### Your objective
Search the data for "thesis". Each line containing it is to be copied.

### Extracted records
text \<open>For fixed \<open>t\<close>, \<open>\<pi>\<close> and \<open>P\<close>, the estimate \<open>Vhat\<close> is the mean of \<open>t - 1\<close> i.i.d. copies of the
  weight \<open>1 / ((1 - K\<mu>\<^sub>t) W\<^sub>P(x, \<pi>(x)) + \<mu>\<^sub>t) \<in> [0, 1/\<mu>\<^sub>t]\<close>, whose second moment is therefore at most
  \<open>V/\<mu>\<^sub>t\<close>. A Chernoff bound for the lower tail gives \<open>V \<le> Vhat + sqrt (2 V L / (\<mu>\<^sub>t (t - 1)))\<close>
  except with probability \<open>e\<^sup>-\<^sup>L\<close>; solving this quadratic inequality and applying AM-GM gives
  \<open>V \<le> (1 + \<lambda>) Vhat + (2 + 1/(2\<lambda>)) L / (\<mu>\<^sub>t (t - 1))\<close> for all \<open>\<lambda> > 0\<close> at once.
  With \<open>L = ln (N\<^bsup>m\<^sub>t+1\<^esup> 2t\<^sup>2/\<delta>)\<close>, a union bound over the at most \<open>N\<^bsup>m\<^sub>t+1\<^esup>\<close> pairs \<open>(\<pi>, P)\<close> costs
  \<open>\<delta>/(2t\<^sup>2)\<close> in round \<open>t\<close>, and these sum to at most \<open>\<delta>\<close>.\<close>

lemma summable_inverse_square_shift:
  shows "summable (\<lambda>n. 1 / (real n + 2)\<^sup>2)" and "(\<Sum>n. 1 / (real n + 2)\<^sup>2) \<le> 1"
proof -
  let ?f = "\<lambda>n. inverse (real (Suc n))"
  have tele: "(\<lambda>n. ?f n - ?f (Suc n)) sums 1"
    using telescope_sums'[OF LIMSEQ_inverse_real_of_nat] by simp
  have le: "1 / (real n + 2)\<^sup>2 \<le> ?f n - ?f (Suc n)" for n
  proof -
    have "?f n - ?f (Suc n) = 1 / ((real n + 1) * (real n + 2))"
      by (simp add: field_simps)
    also have "1 / (real n + 2)\<^sup>2 \<le> \<dots>"
      by (intro divide_left_mono) (auto simp: power2_eq_square)
    finally show ?thesis .
  qed
  show summable: "summable (\<lambda>n. 1 / (real n + 2)\<^sup>2)"
    by (rule summable_comparison_test'[OF sums_summable[OF tele], of 0]) (use le in auto)
  show "(\<Sum>n. 1 / (real n + 2)\<^sup>2) \<le> 1"
    using suminf_le[OF le summable sums_summable[OF tele]] sums_unique[OF tele] by simp
qed

lemma (in prob_space) prob_avoid_all_ge:
  assumes "range B \<subseteq> events" and "\<And>n. prob (B n) \<le> h n" and "summable h"
  shows "1 - suminf h \<le> prob (space M - (\<Union>n. B n))"
proof -
  have "summable (\<lambda>n. prob (B n))"
    by (rule summable_comparison_test'[OF assms(3), of 0]) (use assms(2) in auto)
  then have "prob (\<Union>n. B n) \<le> suminf h"
    using finite_measure_subadditive_countably[OF assms(1)] suminf_le[OF assms(2) _ assms(3)]
    by linarith
  then show ?thesis
    using prob_compl[of "\<Union>n. B n"] assms(1) by auto
qed

lemma nn_integral_PiM_prod_iid:
  fixes D :: "'x measure" and g :: "'x \<Rightarrow> ennreal"
  assumes D: "prob_space D" and J: "finite J" and [measurable]: "g \<in> borel_measurable D"
  shows "(\<integral>\<^sup>+xs. (\<Prod>i\<in>J. g (xs i)) \<partial>PiM UNIV (\<lambda>_::nat. D)) = (\<integral>\<^sup>+x. g x \<partial>D) ^ card J"
proof -
  interpret product_prob_space "\<lambda>_::nat. D" UNIV
    by (simp add: D product_prob_space.intro product_prob_space_axioms.intro
        product_sigma_finite.intro prob_space_imp_sigma_finite)
  have "(\<integral>\<^sup>+xs. (\<Prod>i\<in>J. g (xs i)) \<partial>PiM UNIV (\<lambda>_::nat. D))
      = (\<integral>\<^sup>+xs. (\<Prod>i\<in>J. g (restrict xs J i)) \<partial>PiM UNIV (\<lambda>_::nat. D))"
    by (intro nn_integral_cong prod.cong) auto
  also have "\<dots> = (\<integral>\<^sup>+y. (\<Prod>i\<in>J. g (y i))
      \<partial>distr (PiM UNIV (\<lambda>_::nat. D)) (PiM J (\<lambda>_. D)) (\<lambda>xs. restrict xs J))"
    by (subst nn_integral_distr) (auto intro!: measurable_restrict_subset)
  also have "\<dots> = (\<integral>\<^sup>+y. (\<Prod>i\<in>J. g (y i)) \<partial>PiM J (\<lambda>_. D))"
    using distr_PiM_restrict_finite[OF J] by simp
  also have "\<dots> = (\<Prod>i\<in>J. \<integral>\<^sup>+x. g x \<partial>D)"
    by (rule product_nn_integral_prod) (use J in auto)
  finally show ?thesis by simp
qed

lemma exp_neg_le_quadratic:
  fixes u :: real assumes "0 \<le> u"
  shows "exp (-u) \<le> 1 - u + u\<^sup>2 / 2"
proof -
  let ?f = "\<lambda>u. 1 - u + u\<^sup>2 / 2 - exp (-u)"
  have "?f 0 \<le> ?f u"
  proof (rule DERIV_nonneg_imp_nondecreasing[OF assms])
    fix x :: real assume "0 \<le> x"
    have "(?f has_real_derivative (-1 + x + exp (-x))) (at x)"
      by (auto intro!: derivative_eq_intros simp: power2_eq_square)
    then show "\<exists>y. (?f has_real_derivative y) (at x) \<and> 0 \<le> y"
      using exp_ge_add_one_self[of "-x"] by auto
  qed
  then show ?thesis by simp
qed

lemma exp_neg_mult_le:
  fixes s z b :: real assumes "0 \<le> s" "0 \<le> z" "z \<le> b"
  shows "exp (- (s * z)) \<le> 1 - s * z + s\<^sup>2 * b * z / 2"
proof -
  have "exp (- (s * z)) \<le> 1 - s * z + (s * z)\<^sup>2 / 2"
    using assms by (intro exp_neg_le_quadratic) simp
  also have "(s * z)\<^sup>2 \<le> s\<^sup>2 * b * z"
    using assms mult_left_mono[of z b "s\<^sup>2 * z"] by (simp add: power2_eq_square algebra_simps)
  finally show ?thesis by simp
qed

### Written solution
    finally show ?thesis .
  then show ?thesis
  finally show ?thesis by simp
  then show ?thesis by simp
  finally show ?thesis by simp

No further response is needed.